(* Let $K$ be a finite simplicial complex equipped with two assignments of edge lengths, giving discrete geodesic distance functions $f^1_p,f^2_p$ for each vertex $p$, and let $\epsilon=\max_{p\in\mathrm{Vert}(K)}\max_{q\in\mathrm{Vert}(K)}|f^1_p(q)-f^2_p(q)|$. Fix $d$ and let $\mathcal{X}^1$ and $\mathcal{X}^2$ be subgroup filtrations of $H_d(K;\mathbb{Z}_2)$ obtained from optimal homology bases with respect to the sizes $S^1$ and $S^2$ respectively. Then $\mathrm{dist}(\mathcal{X}^1,\mathcal{X}^2)\le\epsilon$.
   Context: For a given edge-length assignment, $f_p(q)$ is the shortest-path length from vertex $p$ to vertex $q$ in the 1-skeleton of $K$, and $f_p(\sigma)=\max_{q\in\mathrm{Vert}(\sigma)}f_p(q)$ for a simplex $\sigma$. The geodesic ball $B_p^t=\{\sigma\in K:f_p(\sigma)\le t\}$ carries a class $h$ if it contains a cycle representing $h$; $r_{f_p}(h)$ is the least $t$ for which $B_p^t$ carries $h$, and the size of $h$ is $S(h)=\min_{p}r_{f_p}(h)$ ($S^1,S^2$ denote sizes computed from $f^1,f^2$). Let $\beta=\dim H_d(K;\mathbb{Z}_2)$. An optimal homology basis is a set of $\beta$ linearly independent (nonzero) classes whose sizes have minimal sum; such a basis is obtained greedily by scanning nontrivial classes in increasing order of size and keeping each one linearly independent of those already kept. Given an optimal basis $h_1,\dots,h_\beta$ sorted so that $S(h_i)\le S(h_{i+1})$, its subgroup filtration is $\mathcal{X}=\{\psi_0,\psi_1,\dots,\psi_\beta\}$ with $\psi_i=\mathrm{span}(h_1,\dots,h_i)$ ($\psi_0$ trivial), and $S(\psi_i):=S(h_i)$ for $i\ge1$. For filtrations $\mathcal{X}^1,\mathcal{X}^2$, the projection $\mathrm{proj}(\psi^1_i,\mathcal{X}^2)$ is $\psi^2_j$ with $j$ the least index such that $\psi^1_i\subseteq\psi^2_j$ (and symmetrically). The distance is $\mathrm{dist}(\mathcal{X}^1,\mathcal{X}^2)=\max\{\max_i|S^1(\psi^1_i)-S^2(\mathrm{proj}(\psi^1_i,\mathcal{X}^2))|,\ \max_i|S^2(\psi^2_i)-S^1(\mathrm{proj}(\psi^2_i,\mathcal{X}^1))|\}$, the maxima taken over $i=1,\dots,\beta$. *)

theory Defs
  imports Complex_Main
begin

definition simplicial_complex :: "'v set set \<Rightarrow> bool" where
  "simplicial_complex K \<longleftrightarrow> finite K \<and> (\<forall>\<sigma>\<in>K. finite \<sigma> \<and> \<sigma> \<noteq> {}) \<and>
     (\<forall>\<sigma>\<in>K. \<forall>\<tau>. \<tau> \<subseteq> \<sigma> \<and> \<tau> \<noteq> {} \<longrightarrow> \<tau> \<in> K)"

definition vertices :: "'v set set \<Rightarrow> 'v set" where
  "vertices K = \<Union>K"

definition simplices :: "'v set set \<Rightarrow> nat \<Rightarrow> 'v set set" where
  "simplices K k = {\<sigma>\<in>K. card \<sigma> = Suc k}"

text \<open>A k-chain with Z_2 coefficients is a set of k-simplices; addition is symmetric difference.\<close>
definition symdiff :: "'a set \<Rightarrow> 'a set \<Rightarrow> 'a set" where
  "symdiff A B = (A - B) \<union> (B - A)"

definition bd :: "'v set set \<Rightarrow> nat \<Rightarrow> 'v set set \<Rightarrow> 'v set set" where
  "bd K k c = (if k = 0 then {} else
      {\<tau>\<in>simplices K (k - 1). odd (card {\<sigma>\<in>c. \<tau> \<subseteq> \<sigma>})})"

= = = = =

WORK INSTRUCTION: Begin at the line that has "imports Complex_Main" in the entries above; stop after the line that has "K \<longleftrightarrow> finite". Transcribe exactly those lines and no others.

RESPONSE TO THIS TASK:
  imports Complex_Main
begin

definition simplicial_complex :: "'v set set \<Rightarrow> bool" where
  "simplicial_complex K \<longleftrightarrow> finite K \<and> (\<forall>\<sigma>\<in>K. finite \<sigma> \<and> \<sigma> \<noteq> {}) \<and>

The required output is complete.